Sure, we could gripe about a few things. Some professors think
they have to cram a semester’s worth of content into 10
weeks. Others love to pack in as many midterms as possible, or
require that papers be turned in before the material the
paper’s on is covered in lecture.
Two years ago, faculty voted 74 percent to 20 percent to keep
UCLA on the quarter system. According to an editorial written by
Professor Robert Kirsner in the Daily Bruin in 2003, semesters
would probably mean professors would have to teach more and neglect
their research. Sure, semesters might benefit students, since
professors would spend more time in the classroom. But that
neglects the importance of research at UCLA, which makes it the
world-class university it is. Quarters aren’t necessarily
fun, but semesters aren’t any better, especially since the
potential switch to semesters was estimated to cost $6 million in
2003 .
And in the end, would a few extra weeks really make a
difference?

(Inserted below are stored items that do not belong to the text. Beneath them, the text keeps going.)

text \<open>The reflection moves such a point by a positive multiple of \<open>(r, s) - (q, w)\<close>.\<close>
lemma reflection_exchanging_unit_vectors_fst_less:
  fixes r s q w x y :: real
  assumes rs: "r\<^sup>2 + s\<^sup>2 = 1" and qw: "q\<^sup>2 + w\<^sup>2 = 1" and "q < r"
    and closer: "r * x + s * y < q * x + w * y"
  defines "a \<equiv> r * q - s * w" and "b \<equiv> s * q + r * w"
  shows "x < a * x + b * y"
proof -
  define d where "d = 1 - r * q - s * w"
  have "2 * d = (r - q)\<^sup>2 + (s - w)\<^sup>2"
    unfolding d_def using rs qw by algebra
  moreover have "(r - q)\<^sup>2 > 0"
    using \<open>q < r\<close> by simp
  ultimately have "d > 0"
    using zero_le_power2[of "s - w"] by linarith
  have "d * ((a - 1) * x + b * y) = (r - q) * ((q * x + w * y) - (r * x + s * y))"
    unfolding a_def b_def d_def using rs qw by algebra
  also have "\<dots> > 0"
    using \<open>q < r\<close> closer by simp
  finally have "(a - 1) * x + b * y > 0"
    using \<open>d > 0\<close> by (rule zero_less_mult_pos)
  then show ?thesis
    by (simp add: algebra_simps)
qed

lemma std_normal_pair_union_event_mono:
  fixes q r b1 b2 :: real
  assumes "-1 \<le> q" "q \<le> r" "r \<le> 1"
  shows "measure std_normal_pair {(x, y). b1 < x \<or> b2 < r * x + sqrt (1 - r\<^sup>2) * y}
       \<le> measure std_normal_pair {(x, y). b1 < x \<or> b2 < q * x + sqrt (1 - q\<^sup>2) * y}"
proof (cases "q = r")
  case False
  interpret P: prob_space std_normal_pair
    by (rule prob_space_std_normal_pair)
  define s where "s = sqrt (1 - r\<^sup>2)"
  define w where "w = sqrt (1 - q\<^sup>2)"
  have "\<bar>r\<bar> \<le> 1" "\<bar>q\<bar> \<le> 1"
    using assms by auto
  then have rs: "r\<^sup>2 + s\<^sup>2 = 1" and qw: "q\<^sup>2 + w\<^sup>2 = 1"
    unfolding s_def w_def by (simp_all add: abs_square_le_1)
  define a where "a = r * q - s * w"
  define b where "b = s * q + r * w"
  let ?R = "\<lambda>(x, y). (a * x + b * y, b * x - a * y)"
  let ?Er = "{(x, y). b1 < x \<or> b2 < r * x + s * y}"
  let ?Eq = "{(x, y). b1 < x \<or> b2 < q * x + w * y}"
  have "measure std_normal_pair ?Er \<le> measure std_normal_pair ?Eq"
  proof (rule P.measure_le_by_invariant_map)
    show "?R \<in> measurable std_normal_pair std_normal_pair"
      by simp
    show "distr std_normal_pair std_normal_pair ?R = std_normal_pair"
      using reflection_exchanging_unit_vectors(1)[OF rs qw] unfolding a_def b_def
      by (rule std_normal_pair_reflection)
    show "?Er \<in> sets std_normal_pair" "?Eq \<in> sets std_normal_pair"
      unfolding sets_std_normal_pair split_def
      by (intro borel_open open_Collect_disj open_Collect_less continuous_intros)+
    show "?R -` (?Er - ?Eq) \<inter> space std_normal_pair \<subseteq> ?Eq - ?Er"
    proof
      fix p
      assume "p \<in> ?R -` (?Er - ?Eq) \<inter> space std_normal_pair"
      then obtain x y where p: "p = (x, y)" and "\<not> b1 < a * x + b * y"
        and "b2 < r * (a * x + b * y) + s * (b * x - a * y)"
        and "\<not> b2 < q * (a * x + b * y) + w * (b * x - a * y)"
        by (cases p) auto
      then have "\<not> b1 < a * x + b * y" "b2 < q * x + w * y" "\<not> b2 < r * x + s * y"
        using reflection_exchanging_unit_vectors(2,3)[OF rs qw] unfolding a_def b_def by auto
      moreover have "x < a * x + b * y"
        using reflection_exchanging_unit_vectors_fst_less[OF rs qw, of x y] calculation False assms(2)
        unfolding a_def b_def by simp
      ultimately show "p \<in> ?Eq - ?Er"
        unfolding p by auto
    qed
  qed
  then show ?thesis
    unfolding s_def w_def .
qed simp

lemma measure_std_bivariate_normal:
  assumes Z: "is_std_bivariate_normal M Z1 Z2 r" and U: "U \<in> sets borel"
  shows "measure M {\<omega> \<in> space M. (Z1 \<omega>, Z2 \<omega>) \<in> U}
       = measure std_normal_pair {(x, y). (x, r * x + sqrt (1 - r\<^sup>2) * y) \<in> U}"
proof -
  have [measurable]: "Z1 \<in> borel_measurable M" "Z2 \<in> borel_measurable M"
    and law: "distr M borel (\<lambda>\<omega>. (Z1 \<omega>, Z2 \<omega>)) = std_bivariate_normal r"
    using Z unfolding is_std_bivariate_normal_def by auto
  let ?T = "\<lambda>(x, y). (x, r * x + sqrt (1 - r\<^sup>2) * y)"
  have "measure M {\<omega> \<in> space M. (Z1 \<omega>, Z2 \<omega>) \<in> U} = measure (distr M borel (\<lambda>\<omega>. (Z1 \<omega>, Z2 \<omega>))) U"
    using U by (subst measure_distr) (auto intro!: arg_cong[where f = "measure M"])
  also have "\<dots> = measure (distr std_normal_pair borel ?T) U"
    unfolding law std_bivariate_normal_def ..
  also have "\<dots> = measure std_normal_pair {(x, y). ?T (x, y) \<in> U}"
    using U by (subst measure_distr) (auto simp: space_pair_measure intro!: arg_cong[where f = "measure _"])
  finally show ?thesis
    by simp
qed

lemma prob_std_bivariate_normal_exceeds:
  assumes "is_std_bivariate_normal M Z1 Z2 r"
  shows "measure M {\<omega> \<in> space M. Z1 \<omega> > b1 \<or> Z2 \<omega> > b2}
       = measure std_normal_pair {(x, y). b1 < x \<or> b2 < r * x + sqrt (1 - r\<^sup>2) * y}"
proof -
  have "{z :: real \<times> real. b1 < fst z \<or> b2 < snd z} \<in> sets borel"
    by (intro borel_open open_Collect_disj open_Collect_less continuous_intros)
  from measure_std_bivariate_normal[OF assms this] show ?thesis
    by simp
qed

lemma psd_quadratic_form_offdiag_le:
  fixes S11 S12 S22 :: real
  assumes psd: "\<forall>x y. S11 * x\<^sup>2 + 2 * S12 * x * y + S22 * y\<^sup>2 \<ge> 0" and "S11 > 0"
  shows "S12 \<le> sqrt (S11 * S22)"
proof (rule real_le_rsqrt)
  have "0 \<le> S11 * S12\<^sup>2 + 2 * S12 * S12 * (- S11) + S22 * (- S11)\<^sup>2"
    using psd by blast
  also have "\<dots> = S11 * (S11 * S22 - S12\<^sup>2)"
    by (simp add: power2_eq_square algebra_simps)
  finally show "S12\<^sup>2 \<le> S11 * S22"
    using \<open>S11 > 0\<close> by (simp add: zero_le_mult_iff)
qed

theorem theorem2:
  fixes S11 S12 S22 b1 b2 :: real
    and M :: "'a measure" and Z1 Z2 :: "'a \<Rightarrow> real"
    and N :: "'b measure" and Zs1 Zs2 :: "'b \<Rightarrow> real"
  assumes psd: "\<forall>x y. S11 * x\<^sup>2 + 2 * S12 * x * y + S22 * y\<^sup>2 \<ge> 0"
    and pos11: "S11 > 0" and pos22: "S22 > 0"
    and Z: "is_std_bivariate_normal M Z1 Z2 (S12 / sqrt (S11 * S22))"
    and Zs: "is_std_bivariate_normal N Zs1 Zs2 (sqrt (S22 / S11))"
    and h1: "b1 \<ge> b2" "b2 \<ge> 0"
    and h2: "S12 \<ge> S22"
  shows "measure M {\<omega> \<in> space M. Z1 \<omega> > b1 \<or> Z2 \<omega> > b2}
           \<le> measure N {\<omega> \<in> space N. Zs1 \<omega> > b1 \<or> Zs2 \<omega> > b2}"
proof -
  have sqrt_pos: "sqrt (S11 * S22) > 0"
    using pos11 pos22 by simp
  have "-1 \<le> sqrt (S22 / S11)"
    using pos11 pos22 by (intro order_trans[OF _ real_sqrt_ge_zero]) simp_all
  moreover have "sqrt (S22 / S11) \<le> S12 / sqrt (S11 * S22)"
  proof -
    have "sqrt (S22 / S11) = S22 / sqrt (S11 * S22)"
      using pos11 pos22 by (simp add: real_sqrt_divide real_sqrt_mult field_simps)
    also have "\<dots> \<le> S12 / sqrt (S11 * S22)"
      using h2 sqrt_pos by (simp add: divide_right_mono)
    finally show ?thesis .
  qed
  moreover have "S12 / sqrt (S11 * S22) \<le> 1"
    using psd_quadratic_form_offdiag_le[OF psd pos11] sqrt_pos by simp
  ultimately show ?thesis
    unfolding prob_std_bivariate_normal_exceeds[OF Z] prob_std_bivariate_normal_exceeds[OF Zs]
    by (rule std_normal_pair_union_event_mono)
qed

How many papers did we finish this quarter at 4 in the
morning the night before they were due? How many midterms did we
stay up all night to study for? How many classes did we skip?
We don’t need more time, we need more discipline ““
additional weeks would just make us lazier. Quarters keep us on
schedule. If not for their quick pace and relentless examinations,
we would be even more lost. Our finals this week could be worse. It
could be 14 or 18 weeks of material we neglected.